Your objective | From the entries that follow, gather each line holding the word "noteq".

Source records |
lemma Rem2_undoes_bump:
  assumes ok: "standard_tableau S" and xn: "x \<notin> entries S" and nall: "\<not> (\<forall>z\<in>fst S. z < x)"
    and y: "y = Min {z\<in>fst S. x < z}" and all2: "\<forall>z\<in>snd S. z < y"
    and S': "S' = (insert x (fst S - {y}), insert y (snd S))"
  shows "standard_tableau S'" "entries S' = insert x (entries S)" "allowed Rem2 (shape S')"
    "tab_step t Rem2 S' = S" "evicted Rem2 S' = x" "move Rem2 (shape S') = shape S"
proof -
  obtain R1 R2 where S: "S = (R1, R2)" by fastforce
  have fin: "finite R1" "finite R2" and dis: "R1 \<inter> R2 = {}" using ok S unfolding standard_tableau_def by auto
  have xR: "x \<notin> R1" "x \<notin> R2" using xn S unfolding entries_def by auto
  have neY: "{z\<in>R1. x < z} \<noteq> {}" using nall S xR by (auto simp: not_less order.order_iff_strict)
  have yY: "y \<in> R1" "x < y" using Min_in[OF _ neY] fin y S by auto
  have ymin: "\<And>z. z \<in> R1 \<Longrightarrow> x < z \<Longrightarrow> y \<le> z" using fin y S by simp
  have below: "z < x" if "z \<in> R1" "z < y" for z
  proof -
    have "\<not> x < z" using ymin[OF that(1)] that(2) by auto
    moreover have "z \<noteq> x" using that xR by auto
    ultimately show ?thesis by simp
  qed
  have yR2: "y \<notin> R2" using dis yY by auto
  have R2y: "\<forall>z\<in>R2. z < y" using all2 S by simp
  show "standard_tableau S'" using standard_tableau_bump[OF ok[unfolded S] xR yY below R2y] S S' by simp
  show "entries S' = insert x (entries S)" using S S' yY unfolding entries_def by auto
  show "allowed Rem2 (shape S')" using S S' fin unfolding shape_def by (simp add: card_gt_0_iff)
  have m2: "Max (insert y R2) = y" using fin R2y by (simp add: Max_insert2 less_imp_le)
  have e: "{z\<in>insert x (R1 - {y}). z < y} = insert x {z\<in>R1. z < y}" using yY by auto
  have "evicted Rem2 S' = Max {z\<in>fst S'. z < Max (snd S')}" by (simp add: evicted_def)
  also have "\<dots> = Max (insert x {z\<in>R1. z < y})" unfolding S' S fst_conv snd_conv m2 e ..
  also have "\<dots> = x" using fin below by (intro Max_eqI) (auto intro: less_imp_le)
  finally have m1: "evicted Rem2 S' = x" .
  show "tab_step t Rem2 S' = S" using S S' m1 m2 yY xR yR2 by auto
  show "evicted Rem2 S' = x" by (rule m1)
  have "card R1 > 0" using yY fin card_gt_0_iff by blast
  then show "move Rem2 (shape S') = shape S" using S S' fin xR yY yR2 unfolding shape_def
    by (simp add: card_insert_if)
qed

lemma Add1_undoes_delete:
  assumes ok: "standard_tableau S" and tR: "t \<in> fst S" and le: "\<forall>z\<in>entries S. z \<le> t"
    and S': "S' = (fst S - {t}, snd S)"
  shows "standard_tableau S'" "entries S' = entries S - {t}" "allowed Add1 (shape S')"
    "tab_step t Add1 S' = S" "move Add1 (shape S') = shape S"
proof -
  obtain R1 R2 where S: "S = (R1, R2)" by fastforce
  have fin: "finite R1" "finite R2" and dis: "R1 \<inter> R2 = {}"
    and cs: "\<forall>y\<in>R2. card {z\<in>R2. z \<le> y} \<le> card {z\<in>R1. z < y}" using ok S unfolding standard_tableau_def by auto
  have t1: "t \<in> R1" "t \<notin> R2" using tR dis S by auto
  have R2t: "\<forall>y\<in>R2. y < t" using le S t1 unfolding entries_def by (auto intro: le_neq_implies_less)
  have "\<forall>y\<in>R2. card {z\<in>R2. z \<le> y} \<le> card {z\<in>R1 - {t}. z < y}"
  proof
    fix y assume y: "y \<in> R2"
    then have "{z\<in>R1 - {t}. z < y} = {z\<in>R1. z < y}" using R2t by auto
    then show "card {z\<in>R2. z \<le> y} \<le> card {z\<in>R1 - {t}. z < y}" using cs y by simp
  qed
  then show "standard_tableau S'" using S S' fin dis unfolding standard_tableau_def by auto
  show "entries S' = entries S - {t}" using S S' t1 unfolding entries_def by auto
  show "allowed Add1 (shape S')" by simp
  show "tab_step t Add1 S' = S" using S S' t1 by auto
  have "card R1 > 0" using t1 fin card_gt_0_iff by blast
  then show "move Add1 (shape S') = shape S" using S S' fin t1 unfolding shape_def by simp
qed

lemma Add2_undoes_delete:
  assumes ok: "standard_tableau S" and tR: "t \<in> snd S" and le: "\<forall>z\<in>entries S. z \<le> t"
    and S': "S' = (fst S, snd S - {t})"
  shows "standard_tableau S'" "entries S' = entries S - {t}" "allowed Add2 (shape S')"
    "tab_step t Add2 S' = S" "move Add2 (shape S') = shape S"
proof -
  obtain R1 R2 where S: "S = (R1, R2)" by fastforce
  have fin: "finite R1" "finite R2" and dis: "R1 \<inter> R2 = {}"
    and cs: "\<forall>y\<in>R2. card {z\<in>R2. z \<le> y} \<le> card {z\<in>R1. z < y}" using ok S unfolding standard_tableau_def by auto
  have t2: "t \<in> R2" "t \<notin> R1" using tR dis S by auto
  have "\<forall>y\<in>R2 - {t}. card {z\<in>R2 - {t}. z \<le> y} \<le> card {z\<in>R1. z < y}"
  proof
    fix y assume y: "y \<in> R2 - {t}"
    have "card {z\<in>R2 - {t}. z \<le> y} \<le> card {z\<in>R2. z \<le> y}" using fin by (intro card_mono) auto
    then show "card {z\<in>R2 - {t}. z \<le> y} \<le> card {z\<in>R1. z < y}" using cs y by (meson DiffD1 le_trans)
  qed
  then show "standard_tableau S'" using S S' fin dis unfolding standard_tableau_def by auto
  show "entries S' = entries S - {t}" using S S' t2 unfolding entries_def by auto
  have "{z\<in>R2. z \<le> t} = R2" using le S unfolding entries_def by auto
  then have "card R2 \<le> card {z\<in>R1. z < t}" using cs t2 by metis
  also have "\<dots> \<le> card R1" using fin by (intro card_mono) auto
  finally have c: "card R2 \<le> card R1" .
  have c0: "card R2 > 0" using t2 fin card_gt_0_iff by blast
  show "allowed Add2 (shape S')" using S S' fin t2 c c0 unfolding shape_def by simp
  show "tab_step t Add2 S' = S" using S S' t2 by auto
  show "move Add2 (shape S') = shape S" using S S' fin t2 c0 unfolding shape_def by simp
qed

lemma row_insert_undoes_Rem1:
  assumes ok: "standard_tableau S" and al: "allowed Rem1 (shape S)"
  shows "row_insert (evicted Rem1 S) (tab_step t Rem1 S) = Some S"
    "\<forall>z\<in>fst (tab_step t Rem1 S). z < evicted Rem1 S"
proof -
  have m: "evicted Rem1 S \<in> fst S" by (rule tab_step_Rem1(4)[OF ok al])
  have ev: "evicted Rem1 S = Max (fst S)" unfolding evicted_def by simp
  show lt: "\<forall>z\<in>fst (tab_step t Rem1 S). z < evicted Rem1 S"
    unfolding tab_step.simps fst_conv ev using Max_ge[OF standard_tableauD(1)[OF ok]]
    by (fastforce intro: le_neq_implies_less)
  show "row_insert (evicted Rem1 S) (tab_step t Rem1 S) = Some S"
    using lt m unfolding row_insert_def by (simp add: insert_absorb)
qed

lemma row_insert_undoes_Rem2:
  assumes ok: "standard_tableau S" and al: "allowed Rem2 (shape S)"
  shows "row_insert (evicted Rem2 S) (tab_step t Rem2 S) = Some S"
    "\<not> (\<forall>z\<in>fst (tab_step t Rem2 S). z < evicted Rem2 S)"
proof -
  obtain R1 R2 where S: "S = (R1, R2)" by fastforce
  have fin: "finite R1" "finite R2" and dis: "R1 \<inter> R2 = {}" using ok S unfolding standard_tableau_def by auto
  have ne: "R2 \<noteq> {}" using al S unfolding shape_def by auto
  define y0 where "y0 = Max R2"
  define x where "x = evicted Rem2 S"
  have y0R: "y0 \<in> R2" and y0ge: "\<And>z. z \<in> R2 \<Longrightarrow> z \<le> y0" using fin ne unfolding y0_def by auto
  have xR1: "x \<in> R1" "x < y0" and xge: "\<And>z. z \<in> R1 \<Longrightarrow> z < y0 \<Longrightarrow> z \<le> x"
    using evicted_Rem2[OF ok] ne S unfolding x_def y0_def by auto
  have y0n: "y0 \<notin> R1" using dis y0R by auto
  have P: "tab_step t Rem2 S = (insert y0 (R1 - {x}), R2 - {y0})" using S unfolding y0_def x_def by simp
  have nall: "\<not> (\<forall>z\<in>insert y0 (R1 - {x}). z < x)" using xR1 by auto
  then show "\<not> (\<forall>z\<in>fst (tab_step t Rem2 S). z < evicted Rem2 S)" unfolding P x_def[symmetric] by simp
  have mn: "Min {z\<in>insert y0 (R1 - {x}). x < z} = y0"
  proof (rule Min_eqI)
    fix z assume "z \<in> {z\<in>insert y0 (R1 - {x}). x < z}"
    then have "z = y0 \<or> (z \<in> R1 \<and> x < z)" by auto
    then show "y0 \<le> z" using xge[of z] by (meson leD le_less_linear order.refl)
  qed (use fin xR1 in auto)
  have all2: "\<forall>z\<in>R2 - {y0}. z < y0" using y0ge by fastforce
  have "row_insert x (insert y0 (R1 - {x}), R2 - {y0}) = Some (insert x (insert y0 (R1 - {x}) - {y0}), insert y0 (R2 - {y0}))"
  proof -
    have "(\<forall>z\<in>insert y0 (R1 - {x}). z < x) = False" "(\<forall>z\<in>R2 - {y0}. z < y0) = True"
      using nall all2 by simp_all
    then show ?thesis unfolding row_insert_def fst_conv snd_conv Let_def mn by (simp only: if_False if_True)
  qed
  moreover have "insert x (insert y0 (R1 - {x}) - {y0}) = R1" "insert y0 (R2 - {y0}) = R2"
    using xR1 y0n y0R by auto
  ultimately show "row_insert (evicted Rem2 S) (tab_step t Rem2 S) = Some S"
    unfolding P x_def[symmetric] using S by simp
qed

Answer below |
  have neY: "{z\<in>R1. x < z} \<noteq> {}" using nall S xR by (auto simp: not_less order.order_iff_strict)
    moreover have "z \<noteq> x" using that xR by auto
  have ne: "R2 \<noteq> {}" using al S unfolding shape_def by auto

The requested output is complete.